## ENTRIES SUPPLIED:
lemma theta_L_inverse:
  assumes x: "x \<in> carrier G" and q: "q \<in> D (ginv x)"
  shows "\<theta> x (L (ginv x) x q) = L x (ginv x) (\<theta> x q)"
proof (rule eq_if_left_mult_eq[of "D x"])
  show "D x \<subseteq> S" "\<And>a s. a \<in> D x \<Longrightarrow> s \<in> S \<Longrightarrow> a \<cdot> s \<in> D x"
    using D_subset D_mult_right x by auto
  show "\<theta> x (L (ginv x) x q) \<in> D x"
    using theta_closed w_L_closed[of "ginv x" x q] x q by simp
  show "L x (ginv x) (\<theta> x q) \<in> D x"
    using theta_closed w_L_closed[of x "ginv x"] x q by simp
  fix a assume a: "a \<in> D x"
  define a' where "a' = \<theta>' x a"
  have a': "a' \<in> D (ginv x)" "\<theta> x a' = a" using a x theta'_closed theta_theta' a'_def by auto
  have La: "L (ginv x) x q \<in> D (ginv x)" and Ra: "R (ginv x) x a' \<in> D (ginv x)"
    using w_L_closed[of "ginv x" x] w_R_closed[of "ginv x" x] x q a' by simp_all
  have "a \<cdot> \<theta> x (L (ginv x) x q) = \<theta> x (a' \<cdot> L (ginv x) x q)" using theta_mult x a' La by simp
  also have "a' \<cdot> L (ginv x) x q = R (ginv x) x a' \<cdot> q"
    using w_mult_L_eq_R_mult[of "ginv x" x] x q a' by simp
  also have "\<theta> x \<dots> = R x (ginv x) a \<cdot> \<theta> x q" using theta_mult theta_R_inverse x a' q Ra by simp
  also have "\<dots> = a \<cdot> L x (ginv x) (\<theta> x q)"
    using w_mult_L_eq_R_mult[of x "ginv x"] theta_closed x q a by simp
  finally show "a \<cdot> \<theta> x (L (ginv x) x q) = a \<cdot> L x (ginv x) (\<theta> x q)" .
qed

section \<open>The crossed product\<close>

abbreviation CP :: "('a \<times> 'g) set" where "CP \<equiv> crossed_product G D"
abbreviation cpm :: "'a \<times> 'g \<Rightarrow> 'a \<times> 'g \<Rightarrow> 'a \<times> 'g" where "cpm \<equiv> cp_mult G (\<cdot>) D \<theta> w"

lemma cp_mult_eq: "cpm (s, x) (t, y) = (R x y (\<theta> x (\<theta>' x s \<cdot> t)), x \<diamond> y)"
  unfolding cp_mult_def by simp

lemma mem_crossed_product: "(s, x) \<in> CP \<longleftrightarrow> x \<in> carrier G \<and> s \<in> D x"
  unfolding crossed_product_def by simp

lemma theta_mult_closed:
  assumes xy: "x \<in> carrier G" "y \<in> carrier G" and u: "u \<in> D (ginv x)" and t: "t \<in> D y"
  shows "u \<cdot> t \<in> D (ginv x)" "u \<cdot> t \<in> D y" "\<theta> x (u \<cdot> t) \<in> DD x y"
proof -
  have x': "ginv x \<in> carrier G" using xy by simp
  show p: "u \<cdot> t \<in> D (ginv x)" "u \<cdot> t \<in> D y"
    using D_mult_right[OF x' u D_subset[OF xy(2) t]] D_mult_left[OF xy(2) D_subset[OF x' u] t] .
  show "\<theta> x (u \<cdot> t) \<in> DD x y" using theta_closed theta_closed_Int xy p by blast
qed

## PROBLEM DESCRIPTION:
Each line of the entries above that contains "carrier" is to be copied.

## RESULT OF THIS EXERCISE:
  assumes x: "x \<in> carrier G" and q: "q \<in> D (ginv x)"
lemma mem_crossed_product: "(s, x) \<in> CP \<longleftrightarrow> x \<in> carrier G \<and> s \<in> D x"
  assumes xy: "x \<in> carrier G" "y \<in> carrier G" and u: "u \<in> D (ginv x)" and t: "t \<in> D y"
  have x': "ginv x \<in> carrier G" using xy by simp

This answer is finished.